(* Let $p$ be a prime, $n\ge2$, let $F,G:\mathbb{F}_p^n\to\mathbb{F}_p^n$ and let $\mathcal{E}=\{e_1,\dots,e_n\}$ be a basis of $\mathbb{F}_p^n$ over $\mathbb{F}_p$ with coordinates $x_1,\dots,x_n$ relative to $\mathcal{E}$. Then \[\Delta_{e_1}F(x_1,\dots,x_n)=\Delta_{e_2}G(x_1,\dots,x_n)\quad\text{for all }(x_1,\dots,x_n)\in\mathbb{F}_p^n\] if and only if for every nonzero $\mu\in\mathbb{F}_p^n$, writing the algebraic normal forms \[\mu\cdot F=\sum_{(i_1,\dots,i_n)}f^{(\mu)}_{(i_1,\dots,i_n)}\prod_{j=1}^nx_j^{i_j},\qquad \mu\cdot G=\sum_{(i_1,\dots,i_n)}g^{(\mu)}_{(i_1,\dots,i_n)}\prod_{j=1}^nx_j^{i_j},\] the coefficients satisfy \[\sum_{k=i_1+1}^{p-1}\binom{k}{k-i_1}f^{(\mu)}_{(k,i_2,i_3,\dots,i_n)}=\sum_{k=i_2+1}^{p-1}\binom{k}{k-i_2}g^{(\mu)}_{(i_1,k,i_3,\dots,i_n)}\] for all $i_1,i_2\in\{0,\dots,p-2\}$ and $(i_3,\dots,i_n)\in\{0,\dots,p-1\}^{n-2}$, and \[\sum_{k=j+1}^{p-1}\binom{k}{k-j}f^{(\mu)}_{(k,p-1,i_3,\dots,i_n)}=\sum_{k=j+1}^{p-1}\binom{k}{k-j}g^{(\mu)}_{(p-1,k,i_3,\dots,i_n)}=0\] for all $j\in\{0,\dots,p-2\}$ and $(i_3,\dots,i_n)\in\{0,\dots,p-1\}^{n-2}$.
   Context: $\Delta_aF(x)=F(x+a)-F(x)$ for $a\in\mathbb{F}_p^n$. Writing $x=\sum_jx_je_j$, every function $h:\mathbb{F}_p^n\to\mathbb{F}_p$ has a unique algebraic normal form $h=\sum_{(i_1,\dots,i_n)\in\{0,\dots,p-1\}^n}h_{(i_1,\dots,i_n)}\prod_jx_j^{i_j}$ with coefficients in $\mathbb{F}_p$. For $\mu\in\mathbb{F}_p^n$, $\mu\cdot F$ denotes the component function $x\mapsto\sum_{k=1}^n\mu_kF_k(x)$ where $F=(F_1,\dots,F_n)$ (similarly for $G$). Binomial coefficients are taken modulo $p$ and all equalities are in $\mathbb{F}_p$. *)

theory Defs
  imports "HOL-Computational_Algebra.Primes"
begin

text \<open>Vectors of F_p^n are modelled as functions nat => 'a that vanish from index n on;
  index j corresponds to the paper's index j+1.\<close>

definition vecs :: "nat \<Rightarrow> (nat \<Rightarrow> 'a::zero) set" where
  "vecs n = {v. \<forall>j\<ge>n. v j = 0}"

definition vadd :: "(nat \<Rightarrow> 'a::plus) \<Rightarrow> (nat \<Rightarrow> 'a) \<Rightarrow> nat \<Rightarrow> 'a" where
  "vadd x y = (\<lambda>k. x k + y k)"

definition vsub :: "(nat \<Rightarrow> 'a::minus) \<Rightarrow> (nat \<Rightarrow> 'a) \<Rightarrow> nat \<Rightarrow> 'a" where
  "vsub x y = (\<lambda>k. x k - y k)"

definition lincomb :: "nat \<Rightarrow> (nat \<Rightarrow> 'a::comm_ring_1) \<Rightarrow> (nat \<Rightarrow> nat \<Rightarrow> 'a) \<Rightarrow> nat \<Rightarrow> 'a" where
  "lincomb n c e = (\<lambda>k. \<Sum>j<n. c j * e j k)"

definition is_basis :: "nat \<Rightarrow> (nat \<Rightarrow> nat \<Rightarrow> 'a::field) \<Rightarrow> bool" where
  "is_basis n e \<longleftrightarrow> (\<forall>j<n. e j \<in> vecs n)
     \<and> (\<forall>c\<in>vecs n. lincomb n c e = (\<lambda>_. 0) \<longrightarrow> c = (\<lambda>_. 0))
     \<and> (\<forall>v\<in>vecs n. \<exists>c\<in>vecs n. v = lincomb n c e)"

definition expts :: "nat \<Rightarrow> nat \<Rightarrow> (nat \<Rightarrow> nat) set" where
  "expts n p = {i. (\<forall>j<n. i j < p) \<and> (\<forall>j\<ge>n. i j = 0)}"

definition anf_coeff :: "nat \<Rightarrow> ((nat \<Rightarrow> 'a) \<Rightarrow> 'a) \<Rightarrow> (nat \<Rightarrow> nat) \<Rightarrow> 'a::{finite,field}" where
  "anf_coeff n h = (THE c. (\<forall>i. i \<notin> expts n (card (UNIV :: 'a set)) \<longrightarrow> c i = 0) \<and>
      (\<forall>x\<in>vecs n. h x = (\<Sum>i\<in>expts n (card (UNIV :: 'a set)). c i * (\<Prod>j<n. x j ^ i j))))"

definition comp_fun :: "nat \<Rightarrow> (nat \<Rightarrow> 'a::comm_ring_1) \<Rightarrow> ((nat \<Rightarrow> 'a) \<Rightarrow> (nat \<Rightarrow> 'a)) \<Rightarrow> (nat \<Rightarrow> 'a) \<Rightarrow> 'a" where
  "comp_fun n \<mu> F = (\<lambda>x. \<Sum>k<n. \<mu> k * F x k)"

end

(*
  Every function h : F_q^n -> F_q has a unique algebraic normal form, i.e. a polynomial of
  degree < q in each variable.  Uniqueness holds because a nonzero univariate polynomial of
  degree < q cannot vanish on all of F_q; existence follows because evaluation is then an
  injection between two sets of q^(q^n) functions.

  By the binomial theorem, the finite difference along the l-th coordinate turns the
  coefficient family f into i |-> sum_{k > i_l} binom(k, i_l) f(i(l := k)).  So
  Delta_{e_1} F = Delta_{e_2} G holds for the component mu . F, mu . G iff these shifted
  coefficients agree, and a vector identity holds iff it holds after applying every nonzero
  functional mu.  An exponent i with i_1 = q - 1 (resp. i_2 = q - 1) makes the shifted
  coefficient of F (resp. G) an empty sum; separating these exponents gives the second
  family of conditions.
*)
theory Submission
  imports Defs "HOL-Computational_Algebra.Polynomial" "HOL-Library.FuncSet" "HOL-Library.Cardinality"
begin

section \<open>Algebraic normal forms\<close>

definition anf_monomial :: "nat \<Rightarrow> (nat \<Rightarrow> nat) \<Rightarrow> (nat \<Rightarrow> 'a) \<Rightarrow> 'a::comm_ring_1" where
  "anf_monomial n i x = (\<Prod>j<n. x j ^ i j)"

definition anf_eval :: "nat \<Rightarrow> ((nat \<Rightarrow> nat) \<Rightarrow> 'a) \<Rightarrow> (nat \<Rightarrow> 'a) \<Rightarrow> 'a::{finite,comm_ring_1}" where
  "anf_eval n c x = (\<Sum>i\<in>expts n CARD('a). c i * anf_monomial n i x)"

lemma card_funs_with_default:
  assumes "finite A"
  shows "card {f. (\<forall>x\<in>A. f x \<in> B) \<and> (\<forall>x. x \<notin> A \<longrightarrow> f x = z)} = card B ^ card A"
proof -
  have "bij_betw (\<lambda>f. restrict f A) {f. (\<forall>x\<in>A. f x \<in> B) \<and> (\<forall>x. x \<notin> A \<longrightarrow> f x = z)} (A \<rightarrow>\<^sub>E B)"
    by (rule bij_betw_byWitness[where f'="\<lambda>g x. if x \<in> A then g x else z"])
       (auto simp: PiE_def extensional_def fun_eq_iff)
  then show ?thesis
    using assms by (simp add: bij_betw_same_card card_funcsetE)
qed

lemma card_vecs: "card (vecs n :: (nat \<Rightarrow> 'a::{finite,zero}) set) = CARD('a) ^ n"
proof -
  have "vecs n = {f :: nat \<Rightarrow> 'a. (\<forall>x\<in>{..<n}. f x \<in> UNIV) \<and> (\<forall>x. x \<notin> {..<n} \<longrightarrow> f x = 0)}"
    by (auto simp: vecs_def)
  then show ?thesis
    using card_funs_with_default[of "{..<n}" UNIV 0] by simp
qed

lemma card_expts: "card (expts n q) = q ^ n"
proof -
  have "expts n q = {f. (\<forall>x\<in>{..<n}. f x \<in> {..<q}) \<and> (\<forall>x. x \<notin> {..<n} \<longrightarrow> f x = 0)}"
    by (auto simp: expts_def)
  then show ?thesis
    using card_funs_with_default[of "{..<n}" "{..<q}" 0] by simp
qed

lemma finite_vecs: "finite (vecs n :: (nat \<Rightarrow> 'a::{finite,zero}) set)"
  using card_vecs[where 'a='a] by (intro card_ge_0_finite) (simp add: finite_UNIV_card_ge_0)

lemma finite_expts: "0 < q \<Longrightarrow> finite (expts n q)"
  using card_expts[of n q] by (intro card_ge_0_finite) simp

lemma expts_less: "i \<in> expts n q \<Longrightarrow> l < n \<Longrightarrow> i l < q"
  by (simp add: expts_def)

lemma fun_upd_in_expts: "i \<in> expts n q \<Longrightarrow> l < n \<Longrightarrow> m < q \<Longrightarrow> i(l := m) \<in> expts n q"
  by (simp add: expts_def)

lemma bij_betw_expts_Suc: "bij_betw (\<lambda>(i, m). i(n := m)) (expts n q \<times> {..<q}) (expts (Suc n) q)"
  by (rule bij_betw_byWitness[where f'="\<lambda>i. (i(n := 0), i n)"])
     (auto simp: expts_def fun_eq_iff less_Suc_eq)

lemma poly_fun_vanishing_coeff_eq_0:
  fixes d :: "nat \<Rightarrow> 'a::{finite,field}"
  assumes "\<And>t. (\<Sum>m<CARD('a). d m * t ^ m) = 0" and "m < CARD('a)"
  shows "d m = 0"
proof (rule ccontr)
  define P where "P = (\<Sum>m<CARD('a). monom (d m) m)"
  assume "d m \<noteq> 0"
  then have "P \<noteq> 0"
    using assms(2) by (auto simp: P_def coeff_sum poly_eq_iff)
  then have "card {t. poly P t = 0} \<le> degree P"
    by (rule card_poly_roots_bound)
  moreover have "{t. poly P t = 0} = UNIV"
    using assms(1) by (simp add: P_def poly_sum poly_monom)
  moreover have "degree P < CARD('a)"
    unfolding P_def
    by (rule degree_sum_less) (auto intro: le_less_trans[OF degree_monom_le] simp: finite_UNIV_card_ge_0)
  ultimately show False by simp
qed

lemma anf_eval_Suc:
  fixes c :: "(nat \<Rightarrow> nat) \<Rightarrow> 'a::{finite,comm_ring_1}"
  shows "anf_eval (Suc n) c (x(n := t)) = (\<Sum>m<CARD('a). anf_eval n (\<lambda>i. c (i(n := m))) x * t ^ m)"
proof -
  let ?E = "expts n CARD('a)"
  have "(\<Prod>j<n. (x(n := t)) j ^ (i(n := m)) j) = (\<Prod>j<n. x j ^ i j)" for i m
    by (rule prod.cong) auto
  then have monomial: "anf_monomial (Suc n) (i(n := m)) (x(n := t)) = anf_monomial n i x * t ^ m" for i m
    by (simp add: anf_monomial_def)
  have "anf_eval (Suc n) c (x(n := t))
      = (\<Sum>(i, m)\<in>?E \<times> {..<CARD('a)}. c (i(n := m)) * (anf_monomial n i x * t ^ m))"
    unfolding anf_eval_def sum.reindex_bij_betw[OF bij_betw_expts_Suc, symmetric]
    by (simp add: case_prod_beta monomial)
  also have "\<dots> = (\<Sum>m<CARD('a). \<Sum>i\<in>?E. c (i(n := m)) * (anf_monomial n i x * t ^ m))"
    by (simp add: sum.cartesian_product[symmetric] sum.swap[of _ ?E])
  finally show ?thesis
    by (simp add: anf_eval_def sum_distrib_right mult.assoc)
qed

lemma anf_eval_vanishing_coeff_eq_0:
  fixes c :: "(nat \<Rightarrow> nat) \<Rightarrow> 'a::{finite,field}"
  assumes "\<forall>x\<in>vecs n. anf_eval n c x = 0"
  shows "\<forall>i\<in>expts n CARD('a). c i = 0"
  using assms
proof (induction n arbitrary: c)
  case 0
  have "(\<lambda>_. 0) \<in> vecs 0"
    by (simp add: vecs_def)
  with 0 have "anf_eval 0 c (\<lambda>_. 0) = 0"
    by blast
  moreover have "expts 0 CARD('a) = {\<lambda>_. 0}"
    by (auto simp: expts_def finite_UNIV_card_ge_0)
  ultimately show ?case
    by (simp add: anf_eval_def anf_monomial_def)
next
  case (Suc n)
  have slice_eq_0: "c (i(n := m)) = 0" if "i \<in> expts n CARD('a)" "m < CARD('a)" for i m
  proof (rule Suc.IH[of "\<lambda>i. c (i(n := m))", THEN bspec, OF ballI that(1)])
    fix x :: "nat \<Rightarrow> 'a"
    assume x: "x \<in> vecs n"
    have "x(n := t) \<in> vecs (Suc n)" for t
      using x by (auto simp: vecs_def)
    then have "(\<Sum>m<CARD('a). anf_eval n (\<lambda>i. c (i(n := m))) x * t ^ m) = 0" for t
      using Suc.prems anf_eval_Suc[of n c x t] by simp
    then show "anf_eval n (\<lambda>i. c (i(n := m))) x = 0"
      by (rule poly_fun_vanishing_coeff_eq_0[of "\<lambda>m. anf_eval n (\<lambda>i. c (i(n := m))) x", OF _ that(2)])
  qed
  show ?case
  proof
    fix i assume "i \<in> expts (Suc n) CARD('a)"
    then have "i(n := 0) \<in> expts n CARD('a)" "i n < CARD('a)"
      by (auto simp: expts_def less_Suc_eq)
    from slice_eq_0[OF this] show "c i = 0" by simp
  qed
qed

lemma anf_eval_eq_iff:
  fixes c d :: "(nat \<Rightarrow> nat) \<Rightarrow> 'a::{finite,field}"
  shows "(\<forall>x\<in>vecs n. anf_eval n c x = anf_eval n d x) \<longleftrightarrow> (\<forall>i\<in>expts n CARD('a). c i = d i)"
proof
  assume "\<forall>x\<in>vecs n. anf_eval n c x = anf_eval n d x"
  then have "\<forall>x\<in>vecs n. anf_eval n (\<lambda>i. c i - d i) x = 0"
    by (simp add: anf_eval_def left_diff_distrib sum_subtractf)
  then show "\<forall>i\<in>expts n CARD('a). c i = d i"
    by (auto dest: anf_eval_vanishing_coeff_eq_0)
qed (simp add: anf_eval_def)

lemma anf_exists:
  fixes h :: "(nat \<Rightarrow> 'a::{finite,field}) \<Rightarrow> 'a"
  obtains c where "\<forall>i. i \<notin> expts n CARD('a) \<longrightarrow> c i = 0" and "\<forall>x\<in>vecs n. h x = anf_eval n c x"
proof -
  let ?E = "expts n CARD('a)" and ?V = "vecs n :: (nat \<Rightarrow> 'a) set"
  define eval where "eval c = restrict (anf_eval n c) ?V" for c
  have "finite ?E"
    by (simp add: finite_expts finite_UNIV_card_ge_0)
  have "inj_on eval (?E \<rightarrow>\<^sub>E UNIV)"
  proof (rule inj_onI)
    fix c d assume "c \<in> ?E \<rightarrow>\<^sub>E UNIV" "d \<in> ?E \<rightarrow>\<^sub>E UNIV" "eval c = eval d"
    then show "c = d"
      using anf_eval_eq_iff[of n c d]
      by (auto simp: eval_def restrict_def PiE_def fun_eq_iff extensional_def split: if_splits)
  qed
  moreover have "eval ` (?E \<rightarrow>\<^sub>E UNIV) \<subseteq> ?V \<rightarrow>\<^sub>E UNIV"
    by (auto simp: eval_def)
  moreover have "card (?E \<rightarrow>\<^sub>E (UNIV :: 'a set)) = card (?V \<rightarrow>\<^sub>E (UNIV :: 'a set))"
    using \<open>finite ?E\<close> by (simp add: card_funcsetE[OF finite_vecs] card_funcsetE card_expts card_vecs)
  ultimately have "eval ` (?E \<rightarrow>\<^sub>E UNIV) = ?V \<rightarrow>\<^sub>E UNIV"
    by (intro card_subset_eq) (simp_all add: finite_PiE[OF finite_vecs] card_image)
  then have "restrict h ?V \<in> eval ` (?E \<rightarrow>\<^sub>E UNIV)"
    by simp
  then obtain c where "c \<in> ?E \<rightarrow>\<^sub>E UNIV" "restrict h ?V = eval c"
    by (rule imageE)
  then show thesis
    by (intro that[of "\<lambda>i. if i \<in> ?E then c i else 0"])
       (auto simp: eval_def anf_eval_def restrict_def fun_eq_iff split: if_splits)
qed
^^^^
- [What is being asked]:
Count how many lines in the listing above hold "imports". Supply only that number.

- [Solution to this problem]:
2